● What is expected:
The required output is the lines below from the line containing "note cross = arc_diagramsD(4)[OF assms(1)]" to the line containing "define u where", inclusive, retyped exactly. No other lines belong in it.

++++++++++++++++++++

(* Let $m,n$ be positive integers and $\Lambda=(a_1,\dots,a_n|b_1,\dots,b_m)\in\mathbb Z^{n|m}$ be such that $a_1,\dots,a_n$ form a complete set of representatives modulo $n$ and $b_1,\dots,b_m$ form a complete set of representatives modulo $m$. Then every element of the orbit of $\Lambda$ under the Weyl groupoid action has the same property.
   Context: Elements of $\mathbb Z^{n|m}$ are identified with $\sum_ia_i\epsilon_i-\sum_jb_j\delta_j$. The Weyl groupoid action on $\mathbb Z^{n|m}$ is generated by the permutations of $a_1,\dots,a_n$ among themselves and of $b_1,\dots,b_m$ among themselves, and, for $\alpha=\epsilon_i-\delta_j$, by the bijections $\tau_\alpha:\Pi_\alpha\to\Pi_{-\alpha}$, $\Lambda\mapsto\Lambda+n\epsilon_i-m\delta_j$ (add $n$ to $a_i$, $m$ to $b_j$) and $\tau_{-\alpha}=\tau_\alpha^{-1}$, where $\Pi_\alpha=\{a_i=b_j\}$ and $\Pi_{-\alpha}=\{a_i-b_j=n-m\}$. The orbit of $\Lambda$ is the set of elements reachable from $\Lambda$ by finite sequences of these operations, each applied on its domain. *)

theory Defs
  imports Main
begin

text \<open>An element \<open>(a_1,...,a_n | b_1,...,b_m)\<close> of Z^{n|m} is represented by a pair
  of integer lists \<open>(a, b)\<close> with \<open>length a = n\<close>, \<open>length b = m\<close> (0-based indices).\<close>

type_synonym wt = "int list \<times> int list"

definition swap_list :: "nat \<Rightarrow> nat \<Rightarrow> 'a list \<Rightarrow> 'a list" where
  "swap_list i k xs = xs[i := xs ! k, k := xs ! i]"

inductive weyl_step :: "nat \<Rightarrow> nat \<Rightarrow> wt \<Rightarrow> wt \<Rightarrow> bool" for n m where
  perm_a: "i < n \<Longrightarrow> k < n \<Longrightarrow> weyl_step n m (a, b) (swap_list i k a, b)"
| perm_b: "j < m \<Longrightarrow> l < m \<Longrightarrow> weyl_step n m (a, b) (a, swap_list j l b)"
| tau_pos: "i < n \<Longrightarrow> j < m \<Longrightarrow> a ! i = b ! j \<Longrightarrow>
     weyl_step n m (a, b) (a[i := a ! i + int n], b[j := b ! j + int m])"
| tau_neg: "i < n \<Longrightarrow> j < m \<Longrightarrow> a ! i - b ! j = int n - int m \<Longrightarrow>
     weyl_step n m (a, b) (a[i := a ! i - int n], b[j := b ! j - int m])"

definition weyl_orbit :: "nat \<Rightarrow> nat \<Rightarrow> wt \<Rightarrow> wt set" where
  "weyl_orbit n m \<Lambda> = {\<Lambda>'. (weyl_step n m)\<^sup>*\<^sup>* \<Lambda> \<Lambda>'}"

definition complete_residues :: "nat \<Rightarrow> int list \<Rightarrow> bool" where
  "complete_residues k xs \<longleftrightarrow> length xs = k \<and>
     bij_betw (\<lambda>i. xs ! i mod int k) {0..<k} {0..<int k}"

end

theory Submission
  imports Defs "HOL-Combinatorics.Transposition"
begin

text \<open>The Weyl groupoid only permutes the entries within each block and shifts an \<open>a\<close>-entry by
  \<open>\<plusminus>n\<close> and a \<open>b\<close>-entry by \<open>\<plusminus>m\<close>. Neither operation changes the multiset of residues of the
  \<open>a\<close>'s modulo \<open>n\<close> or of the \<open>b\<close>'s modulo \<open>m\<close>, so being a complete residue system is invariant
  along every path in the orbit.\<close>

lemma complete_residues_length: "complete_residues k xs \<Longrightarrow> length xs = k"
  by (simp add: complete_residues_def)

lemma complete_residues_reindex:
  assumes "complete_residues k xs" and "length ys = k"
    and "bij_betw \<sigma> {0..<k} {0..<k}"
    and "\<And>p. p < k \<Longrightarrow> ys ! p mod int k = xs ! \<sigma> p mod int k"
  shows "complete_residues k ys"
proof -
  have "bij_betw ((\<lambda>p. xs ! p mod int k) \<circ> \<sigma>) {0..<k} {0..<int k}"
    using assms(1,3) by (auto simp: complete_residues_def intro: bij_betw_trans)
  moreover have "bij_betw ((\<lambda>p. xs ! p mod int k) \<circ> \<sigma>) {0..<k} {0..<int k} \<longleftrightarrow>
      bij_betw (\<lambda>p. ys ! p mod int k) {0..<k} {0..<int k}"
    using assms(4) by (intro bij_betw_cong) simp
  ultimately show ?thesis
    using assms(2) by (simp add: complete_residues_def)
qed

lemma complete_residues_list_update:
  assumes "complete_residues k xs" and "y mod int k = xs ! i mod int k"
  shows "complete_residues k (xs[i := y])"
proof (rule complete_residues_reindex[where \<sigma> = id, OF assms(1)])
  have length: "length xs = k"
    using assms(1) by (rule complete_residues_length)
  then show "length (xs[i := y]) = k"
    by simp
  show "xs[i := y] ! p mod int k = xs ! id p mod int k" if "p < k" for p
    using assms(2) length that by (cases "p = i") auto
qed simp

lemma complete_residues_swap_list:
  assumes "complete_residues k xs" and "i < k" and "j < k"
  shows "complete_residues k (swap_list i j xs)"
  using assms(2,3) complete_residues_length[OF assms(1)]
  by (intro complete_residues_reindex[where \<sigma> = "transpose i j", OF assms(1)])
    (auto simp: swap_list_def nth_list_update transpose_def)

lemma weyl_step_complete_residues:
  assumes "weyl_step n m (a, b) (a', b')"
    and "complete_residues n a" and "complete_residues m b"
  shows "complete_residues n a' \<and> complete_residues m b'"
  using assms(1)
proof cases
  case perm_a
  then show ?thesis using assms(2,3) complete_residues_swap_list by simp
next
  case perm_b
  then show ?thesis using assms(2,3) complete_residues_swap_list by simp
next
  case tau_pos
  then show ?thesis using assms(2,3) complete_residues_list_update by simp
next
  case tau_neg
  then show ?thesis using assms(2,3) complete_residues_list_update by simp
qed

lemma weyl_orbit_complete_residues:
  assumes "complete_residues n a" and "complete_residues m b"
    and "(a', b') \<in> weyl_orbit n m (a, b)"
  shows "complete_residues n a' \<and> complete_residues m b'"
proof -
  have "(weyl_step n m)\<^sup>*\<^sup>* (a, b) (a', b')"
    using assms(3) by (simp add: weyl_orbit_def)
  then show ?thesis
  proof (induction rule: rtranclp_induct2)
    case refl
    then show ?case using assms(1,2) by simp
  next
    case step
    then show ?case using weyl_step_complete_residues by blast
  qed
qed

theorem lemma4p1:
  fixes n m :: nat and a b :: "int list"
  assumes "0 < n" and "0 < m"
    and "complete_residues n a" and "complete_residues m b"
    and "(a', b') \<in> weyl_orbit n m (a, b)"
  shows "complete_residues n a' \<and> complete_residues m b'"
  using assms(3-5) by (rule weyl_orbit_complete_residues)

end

++++++++++++++++++++

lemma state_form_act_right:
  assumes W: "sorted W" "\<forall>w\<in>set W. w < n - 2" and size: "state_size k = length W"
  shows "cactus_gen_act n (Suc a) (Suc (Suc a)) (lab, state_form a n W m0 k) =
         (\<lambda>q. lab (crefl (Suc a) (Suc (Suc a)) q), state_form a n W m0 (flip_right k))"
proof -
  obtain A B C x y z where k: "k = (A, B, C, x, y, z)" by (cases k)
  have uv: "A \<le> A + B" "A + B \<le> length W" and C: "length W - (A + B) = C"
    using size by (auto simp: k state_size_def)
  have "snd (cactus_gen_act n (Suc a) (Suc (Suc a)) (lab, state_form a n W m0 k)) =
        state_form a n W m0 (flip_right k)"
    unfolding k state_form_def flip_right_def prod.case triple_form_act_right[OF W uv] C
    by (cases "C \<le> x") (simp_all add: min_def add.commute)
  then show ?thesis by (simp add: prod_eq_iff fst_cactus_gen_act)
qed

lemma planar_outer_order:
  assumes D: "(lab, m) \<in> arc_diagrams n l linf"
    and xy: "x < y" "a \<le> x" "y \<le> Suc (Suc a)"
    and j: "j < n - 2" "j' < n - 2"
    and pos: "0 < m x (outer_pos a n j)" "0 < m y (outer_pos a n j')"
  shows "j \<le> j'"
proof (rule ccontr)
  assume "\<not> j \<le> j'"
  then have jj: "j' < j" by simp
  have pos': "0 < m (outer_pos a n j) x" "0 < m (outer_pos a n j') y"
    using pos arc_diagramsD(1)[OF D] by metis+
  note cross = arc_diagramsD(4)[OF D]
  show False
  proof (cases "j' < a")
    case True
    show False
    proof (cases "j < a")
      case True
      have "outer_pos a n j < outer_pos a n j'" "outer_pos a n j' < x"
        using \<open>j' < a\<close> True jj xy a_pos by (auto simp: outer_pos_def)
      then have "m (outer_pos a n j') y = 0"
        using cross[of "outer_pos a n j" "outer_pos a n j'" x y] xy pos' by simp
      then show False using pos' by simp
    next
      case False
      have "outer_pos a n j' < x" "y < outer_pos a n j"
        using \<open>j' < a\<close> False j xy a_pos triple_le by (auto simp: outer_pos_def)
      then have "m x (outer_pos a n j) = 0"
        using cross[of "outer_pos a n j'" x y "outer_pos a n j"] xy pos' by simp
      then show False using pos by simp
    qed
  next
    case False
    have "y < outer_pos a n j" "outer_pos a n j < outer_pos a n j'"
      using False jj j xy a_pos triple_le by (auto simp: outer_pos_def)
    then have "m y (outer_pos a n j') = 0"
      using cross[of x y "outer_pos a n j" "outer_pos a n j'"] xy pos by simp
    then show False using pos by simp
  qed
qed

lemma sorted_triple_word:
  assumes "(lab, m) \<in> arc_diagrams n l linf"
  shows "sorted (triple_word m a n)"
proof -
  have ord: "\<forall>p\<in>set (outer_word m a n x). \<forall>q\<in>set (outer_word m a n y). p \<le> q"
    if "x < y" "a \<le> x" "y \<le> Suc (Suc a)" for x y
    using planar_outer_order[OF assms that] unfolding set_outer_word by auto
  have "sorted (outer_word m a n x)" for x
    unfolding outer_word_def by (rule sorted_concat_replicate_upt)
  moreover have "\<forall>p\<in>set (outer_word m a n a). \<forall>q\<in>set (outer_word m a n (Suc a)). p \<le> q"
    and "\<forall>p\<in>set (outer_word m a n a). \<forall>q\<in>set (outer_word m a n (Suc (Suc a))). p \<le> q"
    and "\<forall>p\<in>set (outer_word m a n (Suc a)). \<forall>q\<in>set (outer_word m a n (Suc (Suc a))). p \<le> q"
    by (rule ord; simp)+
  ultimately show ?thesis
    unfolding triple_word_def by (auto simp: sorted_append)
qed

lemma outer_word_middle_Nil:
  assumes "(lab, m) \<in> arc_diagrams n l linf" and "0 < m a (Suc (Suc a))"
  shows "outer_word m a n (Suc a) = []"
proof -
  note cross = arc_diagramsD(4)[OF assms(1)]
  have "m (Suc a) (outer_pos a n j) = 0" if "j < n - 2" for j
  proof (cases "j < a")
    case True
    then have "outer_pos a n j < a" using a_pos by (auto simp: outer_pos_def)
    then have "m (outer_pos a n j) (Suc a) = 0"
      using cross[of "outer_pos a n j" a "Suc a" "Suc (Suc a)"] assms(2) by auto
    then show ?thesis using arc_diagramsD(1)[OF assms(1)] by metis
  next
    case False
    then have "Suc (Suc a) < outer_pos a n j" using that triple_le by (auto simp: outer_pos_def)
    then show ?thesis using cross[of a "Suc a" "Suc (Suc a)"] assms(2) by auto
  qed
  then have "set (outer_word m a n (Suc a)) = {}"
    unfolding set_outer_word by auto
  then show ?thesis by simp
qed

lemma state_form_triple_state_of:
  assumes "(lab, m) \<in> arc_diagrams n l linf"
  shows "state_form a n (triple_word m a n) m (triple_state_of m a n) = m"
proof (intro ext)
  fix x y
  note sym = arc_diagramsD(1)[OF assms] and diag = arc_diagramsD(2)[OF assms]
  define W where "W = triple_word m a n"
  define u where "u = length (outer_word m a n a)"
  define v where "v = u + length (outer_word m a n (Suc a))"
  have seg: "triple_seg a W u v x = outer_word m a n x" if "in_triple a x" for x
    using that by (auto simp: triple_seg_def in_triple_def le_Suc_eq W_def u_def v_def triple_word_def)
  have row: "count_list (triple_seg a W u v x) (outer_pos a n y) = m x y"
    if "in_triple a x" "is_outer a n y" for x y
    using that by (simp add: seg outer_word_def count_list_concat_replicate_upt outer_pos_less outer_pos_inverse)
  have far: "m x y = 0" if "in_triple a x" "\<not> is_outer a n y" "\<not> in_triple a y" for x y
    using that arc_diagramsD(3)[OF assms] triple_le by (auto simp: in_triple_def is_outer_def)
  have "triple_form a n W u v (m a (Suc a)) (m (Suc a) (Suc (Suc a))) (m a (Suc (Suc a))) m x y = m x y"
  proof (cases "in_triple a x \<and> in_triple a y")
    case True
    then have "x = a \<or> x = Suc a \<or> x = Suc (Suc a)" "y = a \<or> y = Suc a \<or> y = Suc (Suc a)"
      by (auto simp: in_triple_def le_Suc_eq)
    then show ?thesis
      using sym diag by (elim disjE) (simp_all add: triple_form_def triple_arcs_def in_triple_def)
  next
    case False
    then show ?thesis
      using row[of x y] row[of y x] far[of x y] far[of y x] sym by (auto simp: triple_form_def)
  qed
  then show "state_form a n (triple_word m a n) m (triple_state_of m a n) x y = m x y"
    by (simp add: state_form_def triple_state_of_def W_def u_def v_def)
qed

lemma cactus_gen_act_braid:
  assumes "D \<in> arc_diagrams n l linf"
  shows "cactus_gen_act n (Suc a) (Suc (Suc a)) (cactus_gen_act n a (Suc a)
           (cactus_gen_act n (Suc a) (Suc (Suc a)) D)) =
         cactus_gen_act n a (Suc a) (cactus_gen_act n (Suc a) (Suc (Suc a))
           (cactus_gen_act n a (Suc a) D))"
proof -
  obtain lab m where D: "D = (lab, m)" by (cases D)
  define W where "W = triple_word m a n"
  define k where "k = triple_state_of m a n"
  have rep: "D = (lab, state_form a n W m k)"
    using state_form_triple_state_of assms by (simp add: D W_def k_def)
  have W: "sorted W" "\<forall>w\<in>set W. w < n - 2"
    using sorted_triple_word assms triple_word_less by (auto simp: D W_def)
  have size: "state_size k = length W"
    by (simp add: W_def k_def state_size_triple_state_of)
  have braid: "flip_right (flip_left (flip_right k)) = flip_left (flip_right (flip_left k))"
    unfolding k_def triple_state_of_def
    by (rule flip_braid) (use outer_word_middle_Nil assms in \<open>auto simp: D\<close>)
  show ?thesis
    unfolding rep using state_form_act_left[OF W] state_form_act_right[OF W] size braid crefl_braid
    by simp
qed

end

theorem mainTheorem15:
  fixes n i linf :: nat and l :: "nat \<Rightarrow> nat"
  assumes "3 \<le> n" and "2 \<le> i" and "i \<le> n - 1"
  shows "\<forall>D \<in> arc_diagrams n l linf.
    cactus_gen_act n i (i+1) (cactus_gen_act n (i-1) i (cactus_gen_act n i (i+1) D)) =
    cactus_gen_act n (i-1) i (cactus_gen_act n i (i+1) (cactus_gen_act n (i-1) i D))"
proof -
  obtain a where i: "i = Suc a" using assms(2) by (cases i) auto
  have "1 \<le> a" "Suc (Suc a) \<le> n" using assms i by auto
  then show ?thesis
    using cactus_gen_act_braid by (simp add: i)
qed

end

++++++++++++++++++++

● Solution for this task:
  note cross = arc_diagramsD(4)[OF assms(1)]
  have "m (Suc a) (outer_pos a n j) = 0" if "j < n - 2" for j
  proof (cases "j < a")
    case True
    then have "outer_pos a n j < a" using a_pos by (auto simp: outer_pos_def)
    then have "m (outer_pos a n j) (Suc a) = 0"
      using cross[of "outer_pos a n j" a "Suc a" "Suc (Suc a)"] assms(2) by auto
    then show ?thesis using arc_diagramsD(1)[OF assms(1)] by metis
  next
    case False
    then have "Suc (Suc a) < outer_pos a n j" using that triple_le by (auto simp: outer_pos_def)
    then show ?thesis using cross[of a "Suc a" "Suc (Suc a)"] assms(2) by auto
  qed
  then have "set (outer_word m a n (Suc a)) = {}"
    unfolding set_outer_word by auto
  then show ?thesis by simp
qed

lemma state_form_triple_state_of:
  assumes "(lab, m) \<in> arc_diagrams n l linf"
  shows "state_form a n (triple_word m a n) m (triple_state_of m a n) = m"
proof (intro ext)
  fix x y
  note sym = arc_diagramsD(1)[OF assms] and diag = arc_diagramsD(2)[OF assms]
  define W where "W = triple_word m a n"
  define u where "u = length (outer_word m a n a)"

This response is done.